Signed by President Franklin D. Roosevelt on February 19, 1942, Executive Order 9066 called for the incarceration of 120,000 Japanese Americans during WWII. Every year, the Japanese American community in Chicago comes together to commemorate EO9066 as a reminder of the fragility of civil liberties in times of crisis and the importance of remaining vigilant in protecting the rights and freedoms of all.
Day of Remembrance 2021 features an address from writer John Tateishi and Alderman Robin Rue Simmons. Tateishi was JACL’s Redress Director, developing the organization’s redress strategy, and Executive Director, guiding the organization’s response to 9/11 and anti-Muslim violence.
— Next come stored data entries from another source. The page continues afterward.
(* For each natural $l\geq N$ let $w_l$ be a positive extremal function of $\mu_l$ with $\Vert w_l\Vert_\infty=1$. Let $(l_n)$ with $l_n\to\infty$ be such that $w_{l_n}\to w_\infty$ uniformly on $\overline\Omega$, where $w_\infty\in W_0^{1,\infty}(\Omega)\setminus\{0\}$ is nonnegative, $\lim_{l\to\infty}\mu_l=\Lambda_\infty=\Vert\nabla w_\infty\Vert_\infty$ and $0\le w_\infty\le d/\Vert d\Vert_\infty$ a.e. in $\Omega$. Then there exists $x_{\star}\in\Omega$ such that $w_{\infty}(x_{\star})=\Vert w_{\infty}\Vert_{\infty}=1$ and $d(x_{\star})=\Vert d\Vert_{\infty}$.
   Context: $\Omega\subset\mathbb{R}^N$, $N\ge2$, bounded domain; $p\in C^{1}(\overline{\Omega})$ with $1<\inf p\le\sup p<\infty$. Luxemburg norm: $\Vert u\Vert_{r(x)}=\inf\{\gamma>0:\int_{\Omega}|u/\gamma|^{r(x)}\frac{dx}{r(x)}\leq1\}$; $W_0^{1,r(x)}(\Omega)$ is the closure of $C_0^\infty(\Omega)$ in $W^{1,r(x)}(\Omega)$. $\mu_{l}:=\inf\{\Vert \nabla v\Vert_{lp(x)}/\Vert v\Vert_{\infty}: v\in W_{0}^{1,lp(x)}(\Omega)\setminus\{0\}\}$; an extremal function of $\mu_l$ is a minimizer. $d(x)=\operatorname{dist}(x,\partial\Omega)$, $\Lambda_{\infty}:=\inf\{\Vert \nabla v\Vert_{\infty}/\Vert v\Vert_{\infty}:v\in W_{0}^{1,\infty}(\Omega)\setminus\{0\}\}$. *)

theory Defs
  imports "HOL-Analysis.Analysis" "HOL-Probability.Essential_Supremum"
begin

coinductive smooth_fun :: "('a::euclidean_space \<Rightarrow> real) \<Rightarrow> bool" where
  "(\<forall>x. f differentiable (at x)) \<Longrightarrow>
   (\<forall>b\<in>Basis. smooth_fun (\<lambda>x. frechet_derivative f (at x) b)) \<Longrightarrow> smooth_fun f"

definition pderiv_dir :: "('a::euclidean_space \<Rightarrow> real) \<Rightarrow> 'a \<Rightarrow> 'a \<Rightarrow> real" where
  "pderiv_dir f b x = frechet_derivative f (at x) b"

definition cgrad :: "('a::euclidean_space \<Rightarrow> real) \<Rightarrow> 'a \<Rightarrow> 'a" where
  "cgrad f x = (\<Sum>b\<in>Basis. pderiv_dir f b x *\<^sub>R b)"
text \<open>\<open>V\<close> and \<open>V'\<close> vanish at the wells, so these are the Taylor bounds centred at \<open>\<plusminus>1\<close>.\<close>

lemma V_le_dist_wells:
  assumes "1 \<le> K" "\<bar>z\<bar> \<le> K"
    and L: "\<forall>y\<in>{-K..K}. \<forall>z\<in>{-K..K}. \<bar>deriv V z - deriv V y\<bar> \<le> L * \<bar>z - y\<bar>
      \<and> \<bar>V z - V y - deriv V y * (z - y)\<bar> \<le> L * (z - y)^2"
  shows "V z \<le> L * (z - 1)^2" "V z \<le> L * (z + 1)^2"
    "\<bar>deriv V z\<bar> \<le> L * \<bar>z - 1\<bar>" "\<bar>deriv V z\<bar> \<le> L * \<bar>z + 1\<bar>"
proof -
  have zK: "z \<in> {-K..K}" and wells: "1 \<in> {-K..K}" "-1 \<in> {-K..K}" using assms by auto
  show "V z \<le> L * (z - 1)^2" "\<bar>deriv V z\<bar> \<le> L * \<bar>z - 1\<bar>"
    using L[rule_format, OF wells(1) zK] V_wells deriv_V_wells by auto
  show "V z \<le> L * (z + 1)^2" "\<bar>deriv V z\<bar> \<le> L * \<bar>z + 1\<bar>"
    using L[rule_format, OF wells(2) zK] V_wells deriv_V_wells by auto
qed

lemma continuous_weighted_V:
  assumes "continuous_on UNIV y"
  shows "continuous_on UNIV (\<lambda>t. a (\<epsilon> * t) * V (y t))"
    "continuous_on UNIV (\<lambda>t. a (\<epsilon> * t) * deriv V (y t))"
proof -
  have "continuous_on UNIV (\<lambda>t. a (\<epsilon> * t))"
    by (rule continuous_on_compose2[OF a_cont]) (auto intro!: continuous_intros)
  moreover have "continuous_on UNIV V" "continuous_on UNIV (deriv V)"
    using V_has_derivative deriv_V_has_derivative
    by (auto intro!: continuous_at_imp_continuous_on DERIV_isCont)
  ultimately show "continuous_on UNIV (\<lambda>t. a (\<epsilon> * t) * V (y t))"
    "continuous_on UNIV (\<lambda>t. a (\<epsilon> * t) * deriv V (y t))"
    using assms by (auto intro!: continuous_intros continuous_on_compose2[of UNIV _ _ y])
qed

lemma potential_le_wells_deviation:
  assumes xW: "x \<in> W_set"
  shows "\<exists>C\<ge>0. \<forall>t. 0 \<le> a (\<epsilon> * t) * V (x t) \<and> a (\<epsilon> * t) * V (x t) \<le> C * wells_deviation x t
              \<and> \<bar>a (\<epsilon> * t) * deriv V (x t)\<bar> \<le> C * sqrt (wells_deviation x t)"
proof -
  obtain R where R: "\<forall>t. \<bar>x t\<bar> \<le> R" using W_set_bounded[OF xW] by blast
  define K where "K = max R 1"
  have K: "1 \<le> K" "\<And>t. \<bar>x t\<bar> \<le> K" using R unfolding K_def by (auto intro: max.coboundedI1)
  obtain L where L: "L \<ge> 0" "\<forall>y\<in>{-K..K}. \<forall>z\<in>{-K..K}. \<bar>deriv V z - deriv V y\<bar> \<le> L * \<bar>z - y\<bar>
      \<and> \<bar>V z - V y - deriv V y * (z - y)\<bar> \<le> L * (z - y)^2"
    using C2_local_bounds[OF V_has_derivative deriv_V_has_derivative V''_cont] by blast
  obtain A where A: "A > 0" "\<forall>t. a t \<le> A" using a_le_bound by blast
  have "0 \<le> a (\<epsilon> * t) * V (x t) \<and> a (\<epsilon> * t) * V (x t) \<le> (A * L) * wells_deviation x t
        \<and> \<bar>a (\<epsilon> * t) * deriv V (x t)\<bar> \<le> (A * L) * sqrt (wells_deviation x t)" for t
  proof -
    note wells = V_le_dist_wells[OF K(1) K(2)[of t] L(2)]
    have a: "0 \<le> a (\<epsilon> * t)" "a (\<epsilon> * t) \<le> A" using a_pos A(2) by (auto intro: less_imp_le)
    have V: "V (x t) \<le> L * wells_deviation x t" and V': "\<bar>deriv V (x t)\<bar> \<le> L * sqrt (wells_deviation x t)"
    proof (atomize (full), cases "t \<le> 0")
      case True
      then have "(x t + 1)^2 \<le> wells_deviation x t" unfolding wells_deviation_def by simp
      then show "V (x t) \<le> L * wells_deviation x t \<and> \<bar>deriv V (x t)\<bar> \<le> L * sqrt (wells_deviation x t)"
        using wells(2,4) L(1) real_sqrt_le_mono[of "(x t + 1)^2"]
        by (metis mult_left_mono order_trans real_sqrt_abs)
    next
      case False
      then have "(x t - 1)^2 \<le> wells_deviation x t" unfolding wells_deviation_def by simp
      then show "V (x t) \<le> L * wells_deviation x t \<and> \<bar>deriv V (x t)\<bar> \<le> L * sqrt (wells_deviation x t)"
        using wells(1,3) L(1) real_sqrt_le_mono[of "(x t - 1)^2"]
        by (metis mult_left_mono order_trans real_sqrt_abs)
    qed
    have "a (\<epsilon> * t) * V (x t) \<le> A * (L * wells_deviation x t)"
      using a V V_nonneg by (intro mult_mono) auto
    moreover have "\<bar>a (\<epsilon> * t) * deriv V (x t)\<bar> \<le> A * (L * sqrt (wells_deviation x t))"
      using a V' by (simp add: abs_mult) (intro mult_mono, auto)
    ultimately show ?thesis using a V_nonneg by (simp add: mult_ac)
  qed
  then show ?thesis using A L(1) by (intro exI[of _ "A * L"]) auto
qed
lemma is_part_R_le:
  assumes "is_part_R n k p S" "1 \<le> k"
  shows "p \<le> n - k + 1"
proof -
  have part: "is_part n k S" and above: "\<forall>i\<in>{2..k}. p < Max (S i)"
    using assms(1) unfolding is_part_R_def by auto
  have p: "p \<le> n" using is_part_R_first_part[OF assms] is_part_subset[OF part, of 1] assms(2) by auto
  have "inj_on (\<lambda>i. Max (S i)) {2..k}"
    using is_part_Max_inj[OF part] is_part_R_nonempty[OF assms(1)] by (intro inj_onI) auto
  moreover have "(\<lambda>i. Max (S i)) ` {2..k} \<subseteq> {p<..n}"
  proof
    fix x assume "x \<in> (\<lambda>i. Max (S i)) ` {2..k}"
    then obtain i where i: "i \<in> {2..k}" "x = Max (S i)" by blast
    then have "i \<in> {1..k}" by simp
    then have "x \<in> {1..n}"
      using i(2) is_part_Max_in[OF part _ is_part_R_nonempty[OF assms(1)]] is_part_subset[OF part]
      by blast
    then show "x \<in> {p<..n}" using above i by auto
  qed
  ultimately have "card {2..k} \<le> card {p<..n}" by (intro card_inj_on_le) auto
  then show ?thesis using p assms(2) by simp
qed

lemma opt_part_le_opt_part_R: "opt_part n k a \<le> opt_part_R n k a p"
  unfolding opt_part_def opt_part_R_def by (rule INF_superset_mono) (auto simp: is_part_R_def)

lemma perfect_if_optimal:
  assumes "is_part_R n k p S" "ratio k S a = opt_part n k a" "1 \<le> k"
  shows "perfect n k a p" "ratio k S a = opt_part_R n k a p"
proof -
  have "opt_part_R n k a p \<le> ratio k S a"
    unfolding opt_part_R_def by (rule INF_lower) (simp add: assms(1))
  then show opt: "ratio k S a = opt_part_R n k a p"
    using opt_part_le_opt_part_R assms(2) by (metis antisym)
  have "1 \<le> p" using is_part_R_first_part[OF assms(1,3)] by auto
  then show "perfect n k a p"
    unfolding perfect_def using is_part_R_le[OF assms(1,3)] opt assms(2) by simp
qed
(* Let $\rho\in(0,\infty)$ and $d=d(L)$ with $dL\to\theta\in[0,\infty)$. Let $h\in C^3([0,1])$ and $H(\mu)=\mu(h)$. Then $$\lim_{N/L\to\rho}\ \sup_{\eta\in\Omega_{L,N}}\Big|\mathfrak L_{L,N}\big(H\circ\mu_{L,N}^{(\cdot)}\big)(\eta)-\mu_{L,N}^{(\eta)}(A_\theta h)\Big|=0.$$
   Context: Inclusion process: $\Omega_{L,N}=\{\eta\in\mathbb N_0^L:\sum_x\eta_x=N\}$, $\mathfrak L_{L,N}f(\eta)=\sum_{x\ne y}\eta_x(d+\eta_y)[f(\eta^{x,y})-f(\eta)]$, $\eta^{x,y}=\eta-e^x+e^y$; "$N/L\to\rho$" means $N,L\to\infty$ with $N/L\to\rho$. $\mu^{(\eta)}_{L,N}=\sum_x\frac{\eta_x}N\delta_{\eta_x/N}$, so $\mu^{(\eta)}_{L,N}(h)=\sum_x\frac{\eta_x}Nh(\eta_x/N)$. $A_\theta h(z)=z(1-z)h''(z)+(2-(2+\theta)z)h'(z)+\theta(h(0)-h(z))$. *)

theory Defs
  imports "HOL-Analysis.Analysis"
begin

definition Omega :: "nat \<Rightarrow> nat \<Rightarrow> (nat \<Rightarrow> nat) set" where
  "Omega L N = {\<eta>. (\<forall>x. L \<le> x \<longrightarrow> \<eta> x = 0) \<and> (\<Sum>x<L. \<eta> x) = N}"

definition move :: "(nat \<Rightarrow> nat) \<Rightarrow> nat \<Rightarrow> nat \<Rightarrow> (nat \<Rightarrow> nat)" where
  "move \<eta> x y = \<eta>(x := \<eta> x - 1, y := \<eta> y + 1)"

definition gen :: "nat \<Rightarrow> real \<Rightarrow> ((nat \<Rightarrow> nat) \<Rightarrow> real) \<Rightarrow> (nat \<Rightarrow> nat) \<Rightarrow> real" where
  "gen L d f \<eta> = (\<Sum>x<L. \<Sum>y\<in>{..<L} - {x}.
      real (\<eta> x) * (d + real (\<eta> y)) * (f (move \<eta> x y) - f \<eta>))"

definition emp :: "nat \<Rightarrow> nat \<Rightarrow> (nat \<Rightarrow> nat) \<Rightarrow> (real \<Rightarrow> real) \<Rightarrow> real" where
  "emp L N \<eta> g = (\<Sum>x<L. real (\<eta> x) / real N * g (real (\<eta> x) / real N))"

text \<open>The operator A_theta, with h1, h2 the first and second derivatives of h.\<close>
definition A_op :: "real \<Rightarrow> (real \<Rightarrow> real) \<Rightarrow> (real \<Rightarrow> real) \<Rightarrow> (real \<Rightarrow> real) \<Rightarrow> real \<Rightarrow> real" where
  "A_op \<theta> h h1 h2 z = z * (1 - z) * h2 z + (2 - (2 + \<theta>) * z) * h1 z + \<theta> * (h 0 - h z)"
Ald. Rue Simmons represents Evanston’s 5th Ward and helped pass the nation’s first reparations bill, which uses cannabis taxes to address historic and ongoing anti-Black racial discrimination. Josina Morita, Commissioner of the Metropolitan Water Reclamation District, will lead a follow-up discussion.
John Tateishi, born in Los Angeles in 1939, was incarcerated from ages three to six at Manzanar, one of America's ten World War II concentration camps. He studied English Literature at UC Berkeley and attended UC Davis for graduate studies. He played important roles in leading the campaign for Japanese American redress, and as the director of the Japanese American Citizens League, he used the lessons of the campaign to ensure that the rights of this nation's Arab and Muslim communities were protected after 9/11.